*** Extracted data Section Begins ***
lemma summable_on_tf_lattice_inverse_power:
  fixes a b :: real
  assumes "a > 0" "b > 0"
  shows "(\<lambda>\<sigma>::(real^'n::finite) \<times> (real^'n). inverse ((1 + norm \<sigma>)^(4 * CARD('n))))
           summable_on tf_lattice a b"
proof -
  define h where "h q = (\<Prod>j\<in>UNIV. inverse ((1 + \<bar>real_of_int (q j)\<bar>)^2))" for q :: "'n + 'n \<Rightarrow> int"
  define M where "M = 1 + 1/a + 1/b"
  have "h summable_on tf_lattice_index a b ` tf_lattice a b"
    using summable_on_prod_inverse_square_int_funs unfolding h_def
    by (rule summable_on_subset_banach) simp
  then have "(h \<circ> tf_lattice_index a b) summable_on tf_lattice a b"
    using summable_on_reindex[OF inj_on_tf_lattice_index[OF assms]] by blast
  then have "(\<lambda>\<sigma>. M^(4 * CARD('n)) * h (tf_lattice_index a b \<sigma>)) summable_on tf_lattice a b"
    unfolding o_def by (rule summable_on_cmult_right)
  then show ?thesis
    by (rule summable_on_comparison_test)
      (use inverse_power_le_prod_tf_lattice_index[OF assms] in \<open>auto simp: h_def M_def\<close>)
qed

lemma exp_neg_weight_le_inverse_power:
  assumes "\<omega> t \<ge> a + b * ln (1 + t)" "b > 0" "t \<ge> 0"
  shows "exp (- (real d / b) * \<omega> t) \<le> exp (- (real d / b) * a) * inverse ((1 + t)^d)"
proof -
  have "(real d / b) * (a + b * ln (1 + t)) \<le> (real d / b) * \<omega> t"
    using assms by (intro mult_left_mono) auto
  then have "exp (- (real d / b) * \<omega> t) \<le> exp (- (real d / b) * (a + b * ln (1 + t)))"
    by simp
  also have "\<dots> = exp (- (real d / b) * a) * exp (- (real d * ln (1 + t)))"
    using assms(2) by (simp add: exp_add[symmetric] field_simps)
  also have "exp (- (real d * ln (1 + t))) = inverse ((1 + t)^d)"
    using assms(3) by (simp add: exp_minus exp_of_nat_mult)
  finally show ?thesis .
qed

lemma bdd_above_if_square_summable_on:
  fixes f :: "'a \<Rightarrow> real"
  assumes "\<And>x. x \<in> S \<Longrightarrow> f x \<ge> 0" and "(\<lambda>x. (f x)\<^sup>2) summable_on S"
  shows "bdd_above (f ` S)"
proof -
  have "f x \<le> sqrt (infsum (\<lambda>x. (f x)\<^sup>2) S)" if "x \<in> S" for x
  proof -
    have "(\<Sum>y\<in>{x}. (f y)\<^sup>2) \<le> infsum (\<lambda>x. (f x)\<^sup>2) S"
      using assms(2) that by (intro finite_sum_le_infsum) auto
    then show ?thesis
      using assms(1)[OF that] real_le_rsqrt by simp
  qed
  then show ?thesis
    by (auto simp: bdd_above_def)
qed

lemma weighted_square_summable_if_weighted_bdd_above:
  fixes F :: "'a::real_normed_vector \<Rightarrow> real" and \<omega> :: "real \<Rightarrow> real"
  assumes F_nonneg: "\<And>\<sigma>. \<sigma> \<in> S \<Longrightarrow> F \<sigma> \<ge> 0"
    and \<omega>_lower: "\<And>t. t \<ge> 0 \<Longrightarrow> \<omega> t \<ge> a0 + b0 * ln (1 + t)" and "b0 > 0"
    and decay: "(\<lambda>\<sigma>. inverse ((1 + norm \<sigma>)^d)) summable_on S"
    and bdd: "\<forall>l>0. bdd_above ((\<lambda>\<sigma>. exp (l * \<omega> (norm \<sigma>)) * F \<sigma>) ` S)"
    and "l > 0"
  shows "(\<lambda>\<sigma>. exp (l * \<omega> (norm \<sigma>)) * (F \<sigma>)\<^sup>2) summable_on S"
proof -
  define \<kappa> where "\<kappa> = real d / b0"
  define \<mu> where "\<mu> = (l + \<kappa>) / 2"
  have "\<mu> > 0"
    using \<open>l > 0\<close> \<open>b0 > 0\<close> by (auto simp: \<mu>_def \<kappa>_def intro!: add_pos_nonneg)
  then obtain B where B: "\<And>\<sigma>. \<sigma> \<in> S \<Longrightarrow> exp (\<mu> * \<omega> (norm \<sigma>)) * F \<sigma> \<le> B"
    using bdd unfolding bdd_above_def by fastforce
  have "(\<lambda>\<sigma>. B^2 * exp (- \<kappa> * a0) * inverse ((1 + norm \<sigma>)^d)) summable_on S"
    using decay by (rule summable_on_cmult_right)
  moreover have "exp (l * \<omega> (norm \<sigma>)) * (F \<sigma>)\<^sup>2 \<le> B^2 * exp (- \<kappa> * a0) * inverse ((1 + norm \<sigma>)^d)"
    if "\<sigma> \<in> S" for \<sigma>
  proof -
    have "exp (l * \<omega> (norm \<sigma>)) * (F \<sigma>)\<^sup>2 = (exp (\<mu> * \<omega> (norm \<sigma>)) * F \<sigma>)^2 * exp (- \<kappa> * \<omega> (norm \<sigma>))"
      by (simp add: \<mu>_def power2_eq_square exp_add[symmetric] field_simps)
    also have "\<dots> \<le> B^2 * (exp (- \<kappa> * a0) * inverse ((1 + norm \<sigma>)^d))"
      using B[OF that] F_nonneg[OF that]
        exp_neg_weight_le_inverse_power[where \<omega> = \<omega> and t = "norm \<sigma>" and a = a0 and b = b0 and d = d]
        \<omega>_lower[of "norm \<sigma>"] \<open>b0 > 0\<close>
      by (intro mult_mono power_mono) (auto simp: \<kappa>_def)
    finally show ?thesis
      by (simp add: mult.assoc)
  qed
  ultimately show ?thesis
    by (rule summable_on_comparison_test) (auto intro: mult_nonneg_nonneg)
qed

lemma weighted_bdd_above_iff_weighted_square_summable:
  fixes F :: "'a::real_normed_vector \<Rightarrow> real" and \<omega> :: "real \<Rightarrow> real"
  assumes F_nonneg: "\<And>\<sigma>. \<sigma> \<in> S \<Longrightarrow> F \<sigma> \<ge> 0"
    and \<omega>_lower: "\<And>t. t \<ge> 0 \<Longrightarrow> \<omega> t \<ge> a0 + b0 * ln (1 + t)" and "b0 > 0"
    and decay: "(\<lambda>\<sigma>. inverse ((1 + norm \<sigma>)^d)) summable_on S"
  shows "(\<forall>l>0. bdd_above ((\<lambda>\<sigma>. exp (l * \<omega> (norm \<sigma>)) * F \<sigma>) ` S))
     \<longleftrightarrow> (\<forall>l>0. (\<lambda>\<sigma>. exp (l * \<omega> (norm \<sigma>)) * (F \<sigma>)\<^sup>2) summable_on S)"
proof (intro iffI allI impI)
  fix l :: real
  assume bdd: "\<forall>l>0. bdd_above ((\<lambda>\<sigma>. exp (l * \<omega> (norm \<sigma>)) * F \<sigma>) ` S)" and "l > 0"
  show "(\<lambda>\<sigma>. exp (l * \<omega> (norm \<sigma>)) * (F \<sigma>)\<^sup>2) summable_on S"
    using F_nonneg \<omega>_lower \<open>b0 > 0\<close> decay bdd \<open>l > 0\<close>
    by (rule weighted_square_summable_if_weighted_bdd_above)
next
  fix l :: real
  assume summable: "\<forall>l>0. (\<lambda>\<sigma>. exp (l * \<omega> (norm \<sigma>)) * (F \<sigma>)\<^sup>2) summable_on S" and "l > 0"
  have square: "(exp (l * w) * y)\<^sup>2 = exp ((2 * l) * w) * y\<^sup>2" for w y :: real
    by (simp add: power_mult_distrib mult.assoc exp_double[symmetric])
  have "(\<lambda>\<sigma>. (exp (l * \<omega> (norm \<sigma>)) * F \<sigma>)\<^sup>2) summable_on S"
    unfolding square using summable[rule_format, of "2 * l"] \<open>l > 0\<close> by simp
  then show "bdd_above ((\<lambda>\<sigma>. exp (l * \<omega> (norm \<sigma>)) * F \<sigma>) ` S)"
    using F_nonneg by (intro bdd_above_if_square_summable_on) auto
qed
*** Extracted data Section Ends ***
Assignment:
In the records above, how many lines contain the string "auto"? Reply with the number only.

Answer space:
8